In Ethiopia, it is estimated that up to 2,700 canine-mediated human rabies deaths occur annually.1 Rabies has been designated as a priority zoonotic disease in the country since 2015.2 The Global Health Security Agenda (GHSA) has supported rabies laboratory capacity building and surveillance system development in Ethiopia with the goal of improving detection and response capabilities for Ethiopia’s prioritized zoonotic diseases.

In 2016, rabies stakeholders convened a workshop to evaluate Ethiopia’s current rabies control program. The Stepwise Approach towards Rabies Elimination (SARE) was used to identify strengths and challenges within the national rabies control program in Ethiopia.3,4 The SARE identified challenges in diagnostic capacity, which included laboratory biosafety. The Ethiopian government, with support from CDC and other partners, has been working to enhance laboratory capacity within the country since 2016.

The Public Health Emergency Management (PHEM) Center of the Ethiopian Public Health Institute (EPHI), is responsible for collecting, aggregating, and analyzing data on 21 nationally notifiable diseases and conditions which includes human rabies. Animal rabies is also a reportable disease; however, responsibility for animal rabies surveillance falls within the animal health sector where diagnostic testing capacity is limited, and often neglected, compared to other livestock and transboundary diseases.

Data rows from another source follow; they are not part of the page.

(* Let $V$ be a real vector space of odd finite dimension and $G\le\mathrm{GL}(V)$ a finite group. Let $S\le V$ be an irreducible $\mathbb{R}G$-submodule such that $V$ is $S$-homogeneous (i.e. $V$ is a direct sum of $\mathbb{R}G$-modules isomorphic to $S$), and suppose that the pair $(G,S)$ has the $E1$-property. Then the pair $(G,V)$ has the $E1$-property.
   Context: For a finite group $G$, a finite-dimensional $\mathbb{R}G$-module $V$ with representation $\rho\colon G\to\mathrm{GL}(V)$, and $n\in\mathrm{GL}(V)$ of finite order normalizing $\rho(G)$, the triple $(G,V,n)$ has the $E1$-property if there is $g\in G$ such that $\rho(g)n$ has eigenvalue $1$. The pair $(G,V)$ has the $E1$-property if $(G,V,n')$ has the $E1$-property for every $n'\in\mathrm{GL}(V)$ of finite order normalizing $\rho(G)$. *)

theory Defs
  imports "HOL-Analysis.Analysis"
begin

definition finite_linear_group :: "('v::euclidean_space \<Rightarrow> 'v) set \<Rightarrow> bool" where
  "finite_linear_group G \<longleftrightarrow> finite G \<and> id \<in> G \<and>
     (\<forall>g\<in>G. linear g \<and> bij g \<and> inv g \<in> G) \<and> (\<forall>g\<in>G. \<forall>h\<in>G. g \<circ> h \<in> G)"

definition G_submodule :: "('v::euclidean_space \<Rightarrow> 'v) set \<Rightarrow> 'v set \<Rightarrow> bool" where
  "G_submodule G W \<longleftrightarrow> subspace W \<and> (\<forall>g\<in>G. \<forall>x\<in>W. g x \<in> W)"

definition irreducible_submodule :: "('v::euclidean_space \<Rightarrow> 'v) set \<Rightarrow> 'v set \<Rightarrow> bool" where
  "irreducible_submodule G S \<longleftrightarrow> G_submodule G S \<and> S \<noteq> {0} \<and>
     (\<forall>U. G_submodule G U \<and> U \<subseteq> S \<longrightarrow> U = {0} \<or> U = S)"

definition G_iso_submodules :: "('v::euclidean_space \<Rightarrow> 'v) set \<Rightarrow> 'v set \<Rightarrow> 'v set \<Rightarrow> bool" where
  "G_iso_submodules G S W \<longleftrightarrow> (\<exists>\<phi>. linear \<phi> \<and> bij_betw \<phi> S W \<and>
     (\<forall>g\<in>G. \<forall>x\<in>S. \<phi> (g x) = g (\<phi> x)))"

The Ethiopian Public Health Institute (EPHI) tests suspect rabid animals who had contact with humans to provide information to healthcare providers, local veterinary staff, and policy makers that may impact treatment and management decisions of bite victims, mass canine vaccination campaign planning, and disease burden data. EPHI laboratory technicians are responsible for animal sample collection, testing, and disposal of carcasses.

CDC microbiologists were invited to participate in an evaluation of current laboratory practices to identify areas for which process improvements could lead to enhanced biosafety and diagnostic testing effectiveness. Taking a two-fold approach, CDC conducted separate trainings focusing on sample acquisition from necropsy to diagnostic detection of rabies virus infection in an effort to improve all aspects of laboratory diagnostics and sample handling. In 2016, a rabies diagnostic laboratory assessment was conducted at EPHI followed by a necropsy laboratory safety evaluation in March 2018. In late 2018, biosafety training was conducted at EPHI followed by a post-training assessment of the necropsy laboratory in March 2019.

The aim of this paper is to present the findings of the necropsy laboratory safety evaluations, both pre- and post-training, and highlight the importance of continuous training and follow-up with staff when working to establish improved safety procedures within a laboratory. We evaluated EPHI’s laboratory biosafety procedures, and the laboratory technicians’ knowledge, practices, and attitudes in the animal necropsy laboratory before and after CDC-led laboratory trainings. This necropsy evaluation was conducted as a pilot evaluation to help target areas of improvement at EPHI and could be replicated in future necropsy laboratories in Ethiopia.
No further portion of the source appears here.